刘差役在旁边看着,忽然说:“曹神医,你也给我瞧瞧?”
曹乐看他:“你哪里不舒服?”
“老毛病了,胃疼。”刘差役捂着肚子,“一受凉就疼,疼得打滚。”
曹乐给他诊了脉:“脾胃虚寒。少吃生冷,多喝姜汤。到了驿站,我给你扎两针,能好些。”
“真的?”刘差役眼睛一亮,“那……那多谢了!”
从那以后,差役对曹乐客气了些。晚上在驿站歇脚时,刘差役果然来找曹乐扎针。曹乐手法娴熟,几针下去,刘差役就觉得胃里暖烘烘的,舒服多了。
“神医,真是神医!”刘差役竖起大拇指,“曹神医,你放心,这一路我尽量照顾你。到了宁古塔……唉,那地方苦,你自求多福吧。”
曹乐谢过他,问:“刘大哥,京城……有什么消息吗?”
刘差役知道他问什么,叹口气:“你夫人……今天午时,走了。”
虽然早有准备,可亲耳听到,曹乐还是眼前一黑。他扶住墙,稳住身子。
“怎么……走的?”
“听说是笑着走的。”刘差役低声说,“监斩官问还有什么话,她说‘替我照顾好他’。别的……什么都没说。”
曹乐蹲下身,抱着头,肩膀剧烈地颤抖。他想哭,可眼泪早就流干了。只剩心里那个洞,越来越大,越来越深。
夜里,曹乐睡不着。他躺在驿站的大通铺上,听着旁边囚犯的鼾声,想起很多事。
想起第一次见李氏,她叉着腰骂他采药回来晚了;想起成亲那晚,她羞答答地叫他“夫君”;想起在京城,她为了他跟赛西施吵架,气得直哭……
那个泼辣、霸道、小心眼的女人,最后却用最壮烈的方式,爱了他一场。
窗外,北风呼啸。曹乐摸出怀里那件东西——是李氏的绝笔信,写在一片衣襟上,血迹已经发黑。狱卒偷偷塞给他的,说:“你夫人让我给你的。她说……下辈子还找你。”
曹乐把衣襟贴在胸口,闭上眼。
桂枝,下辈子,换我护着你。
一路向北,天越来越冷。过了山海关,就开始下雪。雪不大,但细细密密的,下个不停。官道结了冰,囚车走得很慢。
这天傍晚,囚车在一个小村庄歇脚。村里只有十几户人家,破败得很。刘差役找了户人家借宿,主人是个五十来岁的汉子,姓赵,热情地烧了炕,煮了热汤。

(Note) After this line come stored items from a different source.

section \<open>The order of SL(n,q)\<close>

definition indep_family :: "'i set \<Rightarrow> ('i \<Rightarrow> 'a::field^'n) \<Rightarrow> bool" where
  "indep_family S f \<longleftrightarrow> (\<forall>c. (\<Sum>i\<in>S. c i *s f i) = 0 \<longrightarrow> (\<forall>i\<in>S. c i = 0))"

definition span_family :: "'i set \<Rightarrow> ('i \<Rightarrow> 'a::field^'n) \<Rightarrow> ('a^'n) set" where
  "span_family S f = (\<lambda>c. \<Sum>i\<in>S. c i *s f i) ` (S \<rightarrow>\<^sub>E UNIV)"

lemma indep_family_cong:
  "(\<And>i. i \<in> S \<Longrightarrow> f i = g i) \<Longrightarrow> indep_family S f = indep_family S g"
  unfolding indep_family_def by (metis (no_types, lifting) sum.cong)

lemma span_family_cong:
  "(\<And>i. i \<in> S \<Longrightarrow> f i = g i) \<Longrightarrow> span_family S f = span_family S g"
  unfolding span_family_def by (metis (no_types, lifting) sum.cong)

lemma card_span_family:
  fixes f :: "'i \<Rightarrow> 'a::{field,finite}^'n::finite"
  assumes "finite S" and "indep_family S f"
  shows "card (span_family S f) = CARD('a) ^ card S"
proof -
  have "inj_on (\<lambda>c. \<Sum>i\<in>S. c i *s f i) (S \<rightarrow>\<^sub>E UNIV)"
  proof (rule inj_onI)
    fix c d :: "'i \<Rightarrow> 'a"
    assume c: "c \<in> S \<rightarrow>\<^sub>E UNIV" and d: "d \<in> S \<rightarrow>\<^sub>E UNIV"
      and "(\<Sum>i\<in>S. c i *s f i) = (\<Sum>i\<in>S. d i *s f i)"
    then have "(\<Sum>i\<in>S. (c i - d i) *s f i) = 0"
      by (simp add: vector_sub_rdistrib sum_subtractf)
    then have "\<forall>i\<in>S. c i - d i = 0"
      using spec[OF assms(2)[unfolded indep_family_def], of "\<lambda>i. c i - d i"] by blast
    then show "c = d"
      by (intro PiE_ext[OF c d]) simp
  qed
  then have "card (span_family S f) = card (S \<rightarrow>\<^sub>E (UNIV :: 'a set))"
    unfolding span_family_def by (rule card_image)
  also have "\<dots> = CARD('a) ^ card S"
    using assms(1) by (simp add: card_PiE)
  finally show ?thesis .
qed

lemma mem_span_family_if_dependent:
  fixes f :: "'i \<Rightarrow> 'a::field^'n::finite"
  assumes "finite S" and "x \<notin> S"
    and sum_0: "(\<Sum>i\<in>insert x S. c i *s f i) = 0" and "c x \<noteq> 0"
  shows "f x \<in> span_family S f"
proof -
  have "c x *s f x = - (\<Sum>i\<in>S. c i *s f i)"
    using sum_0 assms(1,2) by (simp add: eq_neg_iff_add_eq_0)
  then have "f x = inverse (c x) *s (- (\<Sum>i\<in>S. c i *s f i))"
    using \<open>c x \<noteq> 0\<close> by (metis vector_smult_assoc vector_smult_lid left_inverse)
  also have "\<dots> = (\<Sum>i\<in>S. (- c i / c x) *s f i)"
    by (simp add: vec.scale_sum_right vector_smult_assoc divide_inverse mult.commute sum_negf)
  also have "\<dots> = (\<Sum>i\<in>S. restrict (\<lambda>i. - c i / c x) S i *s f i)"
    by (intro sum.cong) auto
  finally show ?thesis
    unfolding span_family_def
    by (rule image_eqI[where x = "restrict (\<lambda>i. - c i / c x) S"]) auto
qed

lemma indep_family_insert:
  fixes f :: "'i \<Rightarrow> 'a::field^'n::finite"
  assumes "finite S" and "x \<notin> S"
  shows "indep_family (insert x S) f \<longleftrightarrow> indep_family S f \<and> f x \<notin> span_family S f"
proof -
  have sum_insert: "(\<Sum>i\<in>insert x S. c i *s f i) = c x *s f x + (\<Sum>i\<in>S. c i *s f i)" for c
    using assms by (simp add: sum.insert)
  have sum_upd: "(\<Sum>i\<in>S. (c(x := v)) i *s f i) = (\<Sum>i\<in>S. c i *s f i)" for c v
    using assms(2) by (intro sum.cong) auto
  show ?thesis
  proof safe
    assume indep: "indep_family (insert x S) f"
    show "indep_family S f"
      unfolding indep_family_def
    proof (intro allI impI ballI)
      fix c i assume "(\<Sum>i\<in>S. c i *s f i) = 0" and "i \<in> S"
      then have "(\<Sum>j\<in>insert x S. (c(x := 0)) j *s f j) = 0"
        by (simp only: sum_insert sum_upd) simp
      then show "c i = 0"
        using indep \<open>i \<in> S\<close> assms(2) unfolding indep_family_def
        by (metis fun_upd_other insertCI)
    qed
    assume "f x \<in> span_family S f"
    then obtain c where "f x = (\<Sum>i\<in>S. c i *s f i)"
      unfolding span_family_def by blast
    then have "(\<Sum>j\<in>insert x S. (c(x := -1)) j *s f j) = 0"
      by (simp only: sum_insert sum_upd) simp
    then have "(c(x := -1)) x = 0"
      using indep unfolding indep_family_def by blast
    then show False
      by simp
  next
    assume indep: "indep_family S f" and "f x \<notin> span_family S f"
    show "indep_family (insert x S) f"
      unfolding indep_family_def
    proof (intro allI impI)
      fix c assume sum_0: "(\<Sum>i\<in>insert x S. c i *s f i) = 0"
      then have "c x = 0"
        using mem_span_family_if_dependent[OF assms] \<open>f x \<notin> span_family S f\<close> by blast
      then have "(\<Sum>i\<in>S. c i *s f i) = 0"
        using sum_0 by (simp add: sum_insert)
      then show "\<forall>i\<in>insert x S. c i = 0"
        using indep \<open>c x = 0\<close> unfolding indep_family_def by blast
    qed
  qed
qed

definition indep_families :: "'i set \<Rightarrow> ('i \<Rightarrow> 'a::field^'n) set" where
  "indep_families S = {f \<in> S \<rightarrow>\<^sub>E UNIV. indep_family S f}"
(* Let $d\ge2$, $n\ge1$, let $H$ be a Hermitian operator on $(\mathbb{C}^d)^{\otimes n}$ and let $O$ be a linear operator with $\|O\|_2=1$. Then $|R_I(H,O)|\le4n\|H\|_\infty$.
   Context: Let $V=\mathbb{Z}_d\times\mathbb{Z}_d$; for $a=(s,t)\in V$, $P_a=X^sZ^t$ with $X|j\rangle=|j+1\bmod d\rangle$, $Z|j\rangle=e^{2\pi ij/d}|j\rangle$; $P_{\vec a}=\bigotimes_iP_{a_i}$, $|\vec a|=\#\{i:a_i\ne(0,0)\}$. $\|A\|_2=(d^{-n}\mathrm{Tr}(A^\dagger A))^{1/2}$. For $\|O\|_2=1$, $P_O[\vec a]=d^{-2n}|\mathrm{Tr}(OP_{\vec a})|^2$ and $I[O]=\sum_{\vec a}|\vec a|P_O[\vec a]$. The influence rate is $R_I(H,O)=\frac{d}{dt}I[U_tOU_t^\dagger]\big|_{t=0}$ with $U_t=e^{-itH}$; $\|\cdot\|_\infty$ is the operator norm. *)

theory Defs
  imports "HOL-Analysis.Analysis"
begin

text \<open>Operators on (C^d)^{tensor n} are represented as matrices indexed by
configurations x :: nat \<Rightarrow> nat with x i < d for i < n (restricted
functions, PiE). Only entries on cfg d n matter.\<close>

type_synonym qop = "(nat \<Rightarrow> nat) \<Rightarrow> (nat \<Rightarrow> nat) \<Rightarrow> complex"

definition cfg :: "nat \<Rightarrow> nat \<Rightarrow> (nat \<Rightarrow> nat) set" where
  "cfg d n = PiE {..<n} (\<lambda>_. {..<d})"

definition mmul :: "nat \<Rightarrow> nat \<Rightarrow> qop \<Rightarrow> qop \<Rightarrow> qop" where
  "mmul d n A B = (\<lambda>x y. \<Sum>z\<in>cfg d n. A x z * B z y)"

definition madj :: "qop \<Rightarrow> qop" where
  "madj A = (\<lambda>x y. cnj (A y x))"

definition mtrace :: "nat \<Rightarrow> nat \<Rightarrow> qop \<Rightarrow> complex" where
  "mtrace d n A = (\<Sum>x\<in>cfg d n. A x x)"

definition mid :: qop where
  "mid = (\<lambda>x y. if x = y then 1 else 0)"

fun mpow :: "nat \<Rightarrow> nat \<Rightarrow> qop \<Rightarrow> nat \<Rightarrow> qop" where
  "mpow d n A 0 = mid"
| "mpow d n A (Suc k) = mmul d n A (mpow d n A k)"

definition mexp :: "nat \<Rightarrow> nat \<Rightarrow> qop \<Rightarrow> qop" where
  "mexp d n A = (\<lambda>x y. \<Sum>k. mpow d n A k x y / of_nat (fact k))"

definition evol :: "nat \<Rightarrow> nat \<Rightarrow> qop \<Rightarrow> real \<Rightarrow> qop" where
  "evol d n H t = mexp d n (\<lambda>x y. - (\<i> * of_real t) * H x y)"

definition hermitian :: "nat \<Rightarrow> nat \<Rightarrow> qop \<Rightarrow> bool" where
  "hermitian d n H \<longleftrightarrow> (\<forall>x\<in>cfg d n. \<forall>y\<in>cfg d n. H x y = cnj (H y x))"

definition omega :: "nat \<Rightarrow> complex" where
  "omega d = exp (2 * of_real pi * \<i> / of_nat d)"

text \<open>Single-site X^s Z^t: (X^s Z^t)|k> = omega^(t k) |k+s mod d>.\<close>
definition pauli1 :: "nat \<Rightarrow> nat \<times> nat \<Rightarrow> nat \<Rightarrow> nat \<Rightarrow> complex" where
  "pauli1 d a j k = (if j = (k + fst a) mod d then omega d ^ (snd a * k) else 0)"

definition pauli :: "nat \<Rightarrow> nat \<Rightarrow> (nat \<Rightarrow> nat \<times> nat) \<Rightarrow> qop" where
  "pauli d n a = (\<lambda>x y. \<Prod>i<n. pauli1 d (a i) (x i) (y i))"

definition labels :: "nat \<Rightarrow> nat \<Rightarrow> (nat \<Rightarrow> nat \<times> nat) set" where
  "labels d n = PiE {..<n} (\<lambda>_. {..<d} \<times> {..<d})"

definition weight :: "nat \<Rightarrow> (nat \<Rightarrow> nat \<times> nat) \<Rightarrow> nat" where
  "weight n a = card {i\<in>{..<n}. a i \<noteq> (0, 0)}"

definition hs_norm :: "nat \<Rightarrow> nat \<Rightarrow> qop \<Rightarrow> real" where
  "hs_norm d n A = sqrt (Re (mtrace d n (mmul d n (madj A) A)) / real d ^ n)"

definition pauli_weight :: "nat \<Rightarrow> nat \<Rightarrow> qop \<Rightarrow> (nat \<Rightarrow> nat \<times> nat) \<Rightarrow> real" where
  "pauli_weight d n Op a = (cmod (mtrace d n (mmul d n Op (pauli d n a))))\<^sup>2 / real d ^ (2 * n)"

definition influence :: "nat \<Rightarrow> nat \<Rightarrow> qop \<Rightarrow> real" where
  "influence d n Op = (\<Sum>a\<in>labels d n. real (weight n a) * pauli_weight d n Op a)"

definition vnorm :: "nat \<Rightarrow> nat \<Rightarrow> ((nat \<Rightarrow> nat) \<Rightarrow> complex) \<Rightarrow> real" where
  "vnorm d n v = sqrt (\<Sum>x\<in>cfg d n. (cmod (v x))\<^sup>2)"

definition mvmul :: "nat \<Rightarrow> nat \<Rightarrow> qop \<Rightarrow> ((nat \<Rightarrow> nat) \<Rightarrow> complex) \<Rightarrow> ((nat \<Rightarrow> nat) \<Rightarrow> complex)" where
  "mvmul d n A v = (\<lambda>x. \<Sum>y\<in>cfg d n. A x y * v y)"

definition op_norm :: "nat \<Rightarrow> nat \<Rightarrow> qop \<Rightarrow> real" where
  "op_norm d n A = Sup {vnorm d n (mvmul d n A v) | v. vnorm d n v = 1}"

text \<open>t \<mapsto> I[U_t O U_t^dagger]; the influence rate is its derivative at 0.\<close>
definition influence_traj :: "nat \<Rightarrow> nat \<Rightarrow> qop \<Rightarrow> qop \<Rightarrow> real \<Rightarrow> real" where
  "influence_traj d n H Op t =
     influence d n (mmul d n (mmul d n (evol d n H t) Op) (madj (evol d n H t)))"

end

曹乐他们被锁在柴房里,虽然冷,但比外面强。赵老汉端了碗热汤进来,看见曹乐,愣了愣:“您……您是曹神医?”
曹乐抬头:“您认得我?”
“认得!认得!”赵老汉激动地说,“去年我闺女难产,就是您救的!您记得吗?在京城一乐堂,您没收钱,还给了药!”
曹乐想起来了。是有这么回事,那妇人胎位不正,他用了针灸转胎,才保了母子平安。
“您闺女……可好?”
“好!好着呢!”赵老汉抹了把泪,“孩子都会叫爹了。曹神医,您怎么……怎么成这样了?”
曹乐苦笑,没说话。
赵老汉看了看差役,压低声音:“曹神医,您等着,我想法子救您!”
“别。”曹乐摇头,“逃了就是死罪,还会连累你。赵大哥,你的心意我领了,别做傻事。”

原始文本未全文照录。